Zhang Tianzhi, Zhou Gang, Lu Jicang, Li Zhibo, Wu Hao, Liu Shuo
Information Engineering University, Zhengzhou, Henan, China.
PeerJ Comput Sci. 2024 Apr 12;10:e1904. doi: 10.7717/peerj-cs.1904. eCollection 2024.
Aspect-based multimodal sentiment analysis (ABMSA) is an emerging task in the research of multimodal sentiment analysis, which aims to identify the sentiment of each aspect mentioned in multimodal sample. Although recent research on ABMSA has achieved some success, most existing models only adopt attention mechanism to interact aspect with text and image respectively and obtain sentiment output through multimodal concatenation, they often neglect to consider that some samples may not have semantic relevance between text and image. In this article, we propose a Text-Image Semantic Relevance Identification (TISRI) model for ABMSA to address the problem. Specifically, we introduce a multimodal feature relevance identification module to calculate the semantic similarity between text and image, and then construct an image gate to dynamically control the input image information. On this basis, an image auxiliary information is provided to enhance the semantic expression ability of visual feature representation to generate more intuitive image representation. Furthermore, we employ attention mechanism during multimodal feature fusion to obtain the text-aware image representation through text-image interaction to prevent irrelevant image information interfering our model. Experiments demonstrate that TISRI achieves competitive results on two ABMSA Twitter datasets, and then validate the effectiveness of our methods.

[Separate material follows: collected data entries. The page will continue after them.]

(* Let $A$, $c$, $B$ be as in the context. (i) A vector $u\in\mathbb N^n$ lies in $\mathcal O_c$ if and only if $Q_u\cap\mathbb Z^{n-d}=\{0\}$. (ii) If $u\in\mathcal O_c$ and $\tau$ is a face of $\Delta_c$, then the group relaxation $G^\tau(Au)$ solves $IP_{A,c}(Au)$ if and only if $Q_u^{\bar\tau}\cap\mathbb Z^{n-d}=\{0\}$.
   Context: $A\in\mathbb Z^{d\times n}$ has rank $d$, columns $a_1,\dots,a_n$, $cone(A)$ pointed, $\{x\in\mathbb R^n_{\ge0}:Ax=0\}=\{0\}$, $\mathbb ZA=\mathbb Z^d$, $\mathbb NA=\{Au:u\in\mathbb N^n\}$. For $c\in\mathbb Z^n$ and $b\in\mathbb NA$, $IP_{A,c}(b)=\min\{c\cdot x: Ax=b,\ x\in\mathbb N^n\}$. The regular triangulation $\Delta_c$ is the collection of $\sigma\subseteq\{1,\dots,n\}$ for which some $y\in\mathbb R^d$ has $y\cdot a_j=c_j$ ($j\in\sigma$), $y\cdot a_j<c_j$ ($j\notin\sigma$). $c$ is generic: $\Delta_c$ is a triangulation and every $IP_{A,c}(b)$, $b\in\mathbb NA$, has a unique optimal solution. $\mathcal O_c\subseteq\mathbb N^n$ is the set of optimal solutions of all $IP_{A,c}(b)$, $b\in\mathbb NA$. For a maximal face $\sigma$ of $\Delta_c$ let $\tilde c_{\bar\sigma}=c_{\bar\sigma}-c_\sigma A_\sigma^{-1}A_{\bar\sigma}$, and for a face $\tau\subseteq\sigma$ let $\tilde c_{\bar\tau}$ be its extension by zeros to $\mathbb R^{|\bar\tau|}$. The group relaxation $G^\tau(b)$ is $\min\{\tilde c_{\bar\tau}\cdot x_{\bar\tau}: A_\tau x_\tau+A_{\bar\tau}x_{\bar\tau}=b,\ x_{\bar\tau}\ge0,\ (x_\tau,x_{\bar\tau})\in\mathbb Z^n\}$; it solves $IP_{A,c}(b)$ if its optimal solution is non-negative. $B\in\mathbb Z^{n\times(n-d)}$ has columns forming a basis of $\{x\in\mathbb Z^n:Ax=0\}$; $B^{\bar\tau}$ deletes the rows of $B$ indexed by $\tau$, and $\pi_\tau:\mathbb R^n\to\mathbb R^{|\bar\tau|}$ deletes coordinates indexed by $\tau$. $Q_u=\{z\in\mathbb R^{n-d}: Bz\le u,\ (-cB)z\le0\}$ and $Q_u^{\bar\tau}=\{z\in\mathbb R^{n-d}: B^{\bar\tau}z\le\pi_\tau(u),\ (-cB)z\le0\}$. *)

theory Defs
  imports Complex_Main
begin
(* Let $A$ be a real constant and let $g(x)=\dfrac{Ae^{x/2}+e^{-x/2}}{Ae^{x/2}-e^{-x/2}}$ on an open interval where the denominator does not vanish (for $A=1$, $g=\coth(x/2)$; for $A=-1$, $g=\tanh(x/2)$). Then for every integer $i\ge2$, $$\frac i2\,g\,g^{(i-1)}+\sum_{k=0}^{\lfloor (i-1)/2\rfloor}\binom{i}{2k}B_{2k}\,g^{(i-2k)}=0,$$ where $g^{(j)}$ denotes the $j$-th derivative of $g$.
   Context: Bernoulli numbers are defined by $\frac{z}{e^z-1}=\sum_{m\ge0}\frac{B_m}{m!}z^m$ (so $B_0=1$, $B_2=1/6$). *)

theory Defs
  imports "HOL-Analysis.Analysis" "HOL-Computational_Algebra.Formal_Power_Series"
begin

text \<open>Bernoulli numbers via the generating function z/(e^z - 1) = sum B_m z^m / m!,
  taken as a formal power series (fps division handles the factor z).\<close>
definition bernoulli_num :: "nat \<Rightarrow> real" where
  "bernoulli_num m = fact m * fps_nth (fps_X / (fps_exp 1 - 1)) m"

definition gA :: "real \<Rightarrow> real \<Rightarrow> real" where
  "gA A x = (A * exp (x/2) + exp (-x/2)) / (A * exp (x/2) - exp (-x/2))"

end

theory Submission
  imports Defs "HOL-Computational_Algebra.Polynomial"
begin

(* Since g' = (1 - g^2)/2, every derivative of g is a polynomial in g, and the Leibniz rule
   gives g^(n+1) = -1/2 * sum_k (n choose k) g^(k) g^(n-k) for n >= 1.  Hence the exponential
   generating function G(t) of the values g^(n)(x) solves the Riccati equation G' = (1 - G^2)/2
   with G(0) = u = g(x), so G = ((1+u) e^t + u - 1) / ((1+u) e^t + 1 - u).  Multiplying by the
   even series (t/2) coth(t/2) = t/(e^t - 1) + t/2 = sum_{m ~= 1} B_m t^m / m! turns this into
   (t/2) coth(t/2) (G - u) = (t/2) (1 - u G), and comparing the coefficients of t^i gives the
   identity. *)

no_notation vec_nth (infixl \<open>$\<close> 90)
notation fps_nth (infixl \<open>$\<close> 75)

lemma sum_Suc_choose_split:
  fixes f :: "nat \<Rightarrow> nat \<Rightarrow> 'a::comm_semiring_1"
  shows "(\<Sum>i\<le>Suc n. of_nat (Suc n choose i) * f i (Suc n - i)) =
    (\<Sum>i\<le>n. of_nat (n choose i) * f (Suc i) (n - i)) + (\<Sum>i\<le>n. of_nat (n choose i) * f i (Suc n - i))"
proof -
  have "(\<Sum>i\<le>n. of_nat (n choose i) * f i (Suc n - i))
      = (\<Sum>i\<le>Suc n. of_nat (n choose i) * f i (Suc n - i))"
    by (simp add: binomial_eq_0)
  also have "\<dots> = f 0 (Suc n) + (\<Sum>i\<le>n. of_nat (n choose Suc i) * f (Suc i) (n - i))"
    by (subst sum.atMost_Suc_shift) simp
  finally show ?thesis
    by (subst sum.atMost_Suc_shift) (simp add: sum.distrib distrib_right add_ac)
qed

lemma sum_lessThan_Suc_eq_sum_even:
  fixes f :: "nat \<Rightarrow> 'a::comm_monoid_add"
  assumes "\<And>j. odd j \<Longrightarrow> f j = 0"
  shows "(\<Sum>j<Suc m. f j) = (\<Sum>k\<le>m div 2. f (2 * k))"
proof (induction m)
  case (Suc m)
  show ?case
  proof (cases "even (Suc m)")
    case True
    then have "Suc m div 2 = Suc (m div 2)" and "2 * Suc (m div 2) = Suc m"
      by presburger+
    then show ?thesis using Suc.IH by simp
  next
    case False
    then have "Suc m div 2 = m div 2"
      by presburger
    then show ?thesis using Suc.IH assms[OF False] by simp
  qed
qed simp

(* If g' = q(g), then (p(g))' = (pderiv_along q p)(g). *)
definition pderiv_along ::
    "'a::{comm_semiring_1,semiring_no_zero_divisors} poly \<Rightarrow> 'a poly \<Rightarrow> 'a poly" where
  "pderiv_along q p = pderiv p * q"

lemma pderiv_along_add: "pderiv_along q (p + r) = pderiv_along q p + pderiv_along q r"
  by (simp add: pderiv_along_def pderiv_add distrib_right)

lemma pderiv_along_smult: "pderiv_along q (smult c p) = smult c (pderiv_along q p)"
  by (simp add: pderiv_along_def pderiv_smult)
(* Let $(G,\mathcal{A})$ be a local convergence pairing on $X$ and $A,B\in\mathcal{A}$. If $(f_i)\subset\mathrm{Stab}(A)\cap\mathrm{Stab}(B)$ acts as a convergence sequence on both $A$ and $B$, with $p$ the attractor of $(f_i)$ both in its action on $A$ and in its action on $B$, then the repeller $n$ of $(f_i)$ in its action on $A$ is also the repeller of $(f_i)$ in its action on $B$.
   Context: $X$ is a Peano continuum (compact, connected, locally connected metric space) without cut points and $G$ acts on $X$ by homeomorphisms; $\mathcal{A}$ is a $G$-invariant collection of closed subsets of $X$; $\mathrm{Stab}(A)=\{g\in G:g(A)=A\}$. For a closed $S\subset X$ and connected $B,C\subset X\setminus S$, $S$ separates $B$ from $C$ if they lie in different components of $X\setminus S$; $S$ separates $Y$ if it separates two points of $Y$. Closed sets $A,B$ cross if $A\cap B\neq\emptyset$ or ($A$ separates $B$ and $B$ separates $A$). A crossing sequence is $A_1,\dots,A_n$ with $A_i$ crossing $A_{i+1}$ for $1\le i<n$. $g_i(S)\to p$ means every neighborhood of $p$ contains $g_i(S)$ for all large $i$. A sequence of homeomorphisms $(g_i)$ of $Y$ is a convergence sequence on $Y$ with repeller $n$ and attractor $p$ if $g_i(C)\to p$ for every compact $C\subset Y\setminus\{n\}$. A group acts as a convergence group on $Y$ if every sequence of distinct elements has a subsequence that is a convergence sequence on $Y$. $(G,\mathcal{A})$ is a local convergence pairing on $X$ if: (1) $|A|>2$ for all $A\in\mathcal{A}$; (2) for each $\epsilon>0$ only finitely many $A\in\mathcal{A}$ have diameter $>\epsilon$; (3) for any $x,y\in X$ some finite $\mathcal{B}\subset\mathcal{A}$ has $\bigcup\mathcal{B}$ separating $x$ from $y$; (4) each $\mathrm{Stab}(A)$ acts as a convergence group on $A$; (5) for any $A,B\in\mathcal{A}$ with $|A\cap B|\le 2$: if $A\cap B=\{c\}$ then for any $b\in B\setminus\{c\}$ there is a finite crossing sequence $A,A_1,\dots,A_n,B$ in $\mathcal{A}$ with $\{b,c\}\cap A_i=\emptyset$ for $1\le i\le n$; if $|A\cap B|\ne1$ there is a crossing sequence $A,A_1,\dots,A_n,B$ in $\mathcal{A}$ with $(A\cap B)\cap A_i=\emptyset$ for $1\le i\le n$. *)

theory Defs
  imports "HOL-Analysis.Analysis" "HOL-Algebra.Group_Action"
begin

definition peano_continuum :: "'a::metric_space set \<Rightarrow> bool" where
  "peano_continuum X \<longleftrightarrow> X \<noteq> {} \<and> compact X \<and> connected X \<and> locally connected X"

definition no_cut_points :: "'a::metric_space set \<Rightarrow> bool" where
  "no_cut_points X \<longleftrightarrow> (\<forall>x\<in>X. connected (X - {x}))"

definition acts_by_homeos :: "('g, 'c) monoid_scheme \<Rightarrow> ('g \<Rightarrow> 'a::metric_space \<Rightarrow> 'a) \<Rightarrow> 'a set \<Rightarrow> bool" where
  "acts_by_homeos G \<phi> X \<longleftrightarrow> group_action G X \<phi> \<and>
     (\<forall>g\<in>carrier G. homeomorphism X X (\<phi> g) (\<phi> (inv\<^bsub>G\<^esub> g)))"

基于方面的多模态情感分析(ABMSA)是多模态情感分析研究中的一个新兴任务,旨在识别多模态样本中提及的各个方面的情感。尽管最近关于ABMSA的研究取得了一些成功,但大多数现有模型仅采用注意力机制分别将方面与文本和图像进行交互,并通过多模态拼接获得情感输出,它们常常忽略考虑一些样本的文本和图像之间可能不存在语义相关性。在本文中,我们提出了一种用于ABMSA的文本-图像语义相关性识别(TISRI)模型来解决该问题。具体而言,我们引入了一个多模态特征相关性识别模块来计算文本和图像之间的语义相似度,然后构建一个图像门来动态控制输入的图像信息。在此基础上,提供图像辅助信息以增强视觉特征表示的语义表达能力,从而生成更直观的图像表示。此外,我们在多模态特征融合过程中采用注意力机制,通过文本-图像交互获得文本感知的图像表示,以防止不相关的图像信息干扰我们的模型。实验表明,TISRI在两个ABMSA Twitter数据集上取得了有竞争力的结果,进而验证了我们方法的有效性。